Exercise goal -> Repeat every record below, word for word.

Material for the task ->

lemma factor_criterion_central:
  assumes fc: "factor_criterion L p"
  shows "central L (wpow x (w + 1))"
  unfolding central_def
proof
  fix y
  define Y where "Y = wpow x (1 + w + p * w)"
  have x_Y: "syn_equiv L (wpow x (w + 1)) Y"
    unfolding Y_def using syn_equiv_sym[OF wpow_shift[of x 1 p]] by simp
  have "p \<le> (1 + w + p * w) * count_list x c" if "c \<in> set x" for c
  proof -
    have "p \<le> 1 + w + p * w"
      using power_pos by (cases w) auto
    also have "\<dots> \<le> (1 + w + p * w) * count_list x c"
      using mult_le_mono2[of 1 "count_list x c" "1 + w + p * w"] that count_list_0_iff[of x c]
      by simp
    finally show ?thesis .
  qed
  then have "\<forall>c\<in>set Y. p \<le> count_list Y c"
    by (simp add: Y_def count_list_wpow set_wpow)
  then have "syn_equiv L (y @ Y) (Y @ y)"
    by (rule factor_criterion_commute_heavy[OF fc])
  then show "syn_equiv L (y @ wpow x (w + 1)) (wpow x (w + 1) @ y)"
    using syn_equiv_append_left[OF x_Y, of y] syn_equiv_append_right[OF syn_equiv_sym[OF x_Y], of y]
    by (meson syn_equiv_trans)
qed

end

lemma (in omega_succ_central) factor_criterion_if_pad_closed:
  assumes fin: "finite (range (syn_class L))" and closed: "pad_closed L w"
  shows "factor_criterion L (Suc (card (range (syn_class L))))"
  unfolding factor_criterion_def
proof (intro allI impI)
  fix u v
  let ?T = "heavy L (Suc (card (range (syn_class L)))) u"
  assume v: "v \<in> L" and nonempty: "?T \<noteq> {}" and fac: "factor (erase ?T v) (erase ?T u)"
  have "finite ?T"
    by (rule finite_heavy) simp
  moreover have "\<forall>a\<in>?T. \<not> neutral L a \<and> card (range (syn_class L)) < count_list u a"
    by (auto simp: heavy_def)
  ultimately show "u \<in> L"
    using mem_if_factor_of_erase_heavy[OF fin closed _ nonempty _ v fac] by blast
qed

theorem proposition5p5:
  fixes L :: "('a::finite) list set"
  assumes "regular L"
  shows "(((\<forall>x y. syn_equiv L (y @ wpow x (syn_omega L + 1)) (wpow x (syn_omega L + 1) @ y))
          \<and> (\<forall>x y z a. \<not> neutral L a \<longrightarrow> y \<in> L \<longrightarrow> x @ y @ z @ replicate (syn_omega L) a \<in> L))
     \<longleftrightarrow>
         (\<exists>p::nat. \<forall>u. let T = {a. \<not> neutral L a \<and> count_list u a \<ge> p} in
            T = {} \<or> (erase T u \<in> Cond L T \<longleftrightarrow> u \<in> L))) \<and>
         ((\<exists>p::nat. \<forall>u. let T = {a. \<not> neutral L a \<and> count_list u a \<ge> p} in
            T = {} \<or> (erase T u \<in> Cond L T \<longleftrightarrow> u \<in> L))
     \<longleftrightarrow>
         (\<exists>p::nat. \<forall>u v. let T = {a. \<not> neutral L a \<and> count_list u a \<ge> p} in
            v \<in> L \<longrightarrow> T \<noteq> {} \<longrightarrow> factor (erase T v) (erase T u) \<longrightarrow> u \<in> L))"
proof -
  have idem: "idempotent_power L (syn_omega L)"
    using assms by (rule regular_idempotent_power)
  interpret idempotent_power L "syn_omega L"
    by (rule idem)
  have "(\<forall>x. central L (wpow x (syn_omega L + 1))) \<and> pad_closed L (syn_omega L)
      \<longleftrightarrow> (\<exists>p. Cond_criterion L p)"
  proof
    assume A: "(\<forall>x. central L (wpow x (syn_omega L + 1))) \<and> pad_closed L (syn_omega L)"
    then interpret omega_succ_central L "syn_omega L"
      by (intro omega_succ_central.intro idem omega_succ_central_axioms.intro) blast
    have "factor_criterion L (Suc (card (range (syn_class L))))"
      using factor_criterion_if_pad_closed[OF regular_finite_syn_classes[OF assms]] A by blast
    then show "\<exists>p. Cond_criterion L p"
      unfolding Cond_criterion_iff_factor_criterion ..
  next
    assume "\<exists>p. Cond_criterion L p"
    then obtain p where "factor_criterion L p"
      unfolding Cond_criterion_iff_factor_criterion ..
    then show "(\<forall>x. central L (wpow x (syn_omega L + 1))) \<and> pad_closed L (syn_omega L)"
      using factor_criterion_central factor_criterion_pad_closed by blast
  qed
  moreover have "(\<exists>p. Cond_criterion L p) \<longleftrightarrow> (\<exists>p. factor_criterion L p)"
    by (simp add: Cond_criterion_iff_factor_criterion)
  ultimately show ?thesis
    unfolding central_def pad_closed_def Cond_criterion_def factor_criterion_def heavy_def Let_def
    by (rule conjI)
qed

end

Problem solution ->
lemma factor_criterion_central:
  assumes fc: "factor_criterion L p"
  shows "central L (wpow x (w + 1))"
  unfolding central_def
proof
  fix y
  define Y where "Y = wpow x (1 + w + p * w)"
  have x_Y: "syn_equiv L (wpow x (w + 1)) Y"
    unfolding Y_def using syn_equiv_sym[OF wpow_shift[of x 1 p]] by simp
  have "p \<le> (1 + w + p * w) * count_list x c" if "c \<in> set x" for c
  proof -
    have "p \<le> 1 + w + p * w"
      using power_pos by (cases w) auto
    also have "\<dots> \<le> (1 + w + p * w) * count_list x c"
      using mult_le_mono2[of 1 "count_list x c" "1 + w + p * w"] that count_list_0_iff[of x c]
      by simp
    finally show ?thesis .
  qed
  then have "\<forall>c\<in>set Y. p \<le> count_list Y c"
    by (simp add: Y_def count_list_wpow set_wpow)
  then have "syn_equiv L (y @ Y) (Y @ y)"
    by (rule factor_criterion_commute_heavy[OF fc])
  then show "syn_equiv L (y @ wpow x (w + 1)) (wpow x (w + 1) @ y)"
    using syn_equiv_append_left[OF x_Y, of y] syn_equiv_append_right[OF syn_equiv_sym[OF x_Y], of y]
    by (meson syn_equiv_trans)
qed

end

lemma (in omega_succ_central) factor_criterion_if_pad_closed:
  assumes fin: "finite (range (syn_class L))" and closed: "pad_closed L w"
  shows "factor_criterion L (Suc (card (range (syn_class L))))"
  unfolding factor_criterion_def
proof (intro allI impI)
  fix u v
  let ?T = "heavy L (Suc (card (range (syn_class L)))) u"
  assume v: "v \<in> L" and nonempty: "?T \<noteq> {}" and fac: "factor (erase ?T v) (erase ?T u)"
  have "finite ?T"
    by (rule finite_heavy) simp
  moreover have "\<forall>a\<in>?T. \<not> neutral L a \<and> card (range (syn_class L)) < count_list u a"
    by (auto simp: heavy_def)
  ultimately show "u \<in> L"
    using mem_if_factor_of_erase_heavy[OF fin closed _ nonempty _ v fac] by blast
qed

theorem proposition5p5:
  fixes L :: "('a::finite) list set"
  assumes "regular L"
  shows "(((\<forall>x y. syn_equiv L (y @ wpow x (syn_omega L + 1)) (wpow x (syn_omega L + 1) @ y))
          \<and> (\<forall>x y z a. \<not> neutral L a \<longrightarrow> y \<in> L \<longrightarrow> x @ y @ z @ replicate (syn_omega L) a \<in> L))
     \<longleftrightarrow>
         (\<exists>p::nat. \<forall>u. let T = {a. \<not> neutral L a \<and> count_list u a \<ge> p} in
            T = {} \<or> (erase T u \<in> Cond L T \<longleftrightarrow> u \<in> L))) \<and>
         ((\<exists>p::nat. \<forall>u. let T = {a. \<not> neutral L a \<and> count_list u a \<ge> p} in
            T = {} \<or> (erase T u \<in> Cond L T \<longleftrightarrow> u \<in> L))
     \<longleftrightarrow>
         (\<exists>p::nat. \<forall>u v. let T = {a. \<not> neutral L a \<and> count_list u a \<ge> p} in
            v \<in> L \<longrightarrow> T \<noteq> {} \<longrightarrow> factor (erase T v) (erase T u) \<longrightarrow> u \<in> L))"
proof -
  have idem: "idempotent_power L (syn_omega L)"
    using assms by (rule regular_idempotent_power)
  interpret idempotent_power L "syn_omega L"
    by (rule idem)
  have "(\<forall>x. central L (wpow x (syn_omega L + 1))) \<and> pad_closed L (syn_omega L)
      \<longleftrightarrow> (\<exists>p. Cond_criterion L p)"
  proof
    assume A: "(\<forall>x. central L (wpow x (syn_omega L + 1))) \<and> pad_closed L (syn_omega L)"
    then interpret omega_succ_central L "syn_omega L"
      by (intro omega_succ_central.intro idem omega_succ_central_axioms.intro) blast
    have "factor_criterion L (Suc (card (range (syn_class L))))"
      using factor_criterion_if_pad_closed[OF regular_finite_syn_classes[OF assms]] A by blast
    then show "\<exists>p. Cond_criterion L p"
      unfolding Cond_criterion_iff_factor_criterion ..
  next
    assume "\<exists>p. Cond_criterion L p"
    then obtain p where "factor_criterion L p"
      unfolding Cond_criterion_iff_factor_criterion ..
    then show "(\<forall>x. central L (wpow x (syn_omega L + 1))) \<and> pad_closed L (syn_omega L)"
      using factor_criterion_central factor_criterion_pad_closed by blast
  qed
  moreover have "(\<exists>p. Cond_criterion L p) \<longleftrightarrow> (\<exists>p. factor_criterion L p)"
    by (simp add: Cond_criterion_iff_factor_criterion)
  ultimately show ?thesis
    unfolding central_def pad_closed_def Cond_criterion_def factor_criterion_def heavy_def Let_def
    by (rule conjI)
qed

end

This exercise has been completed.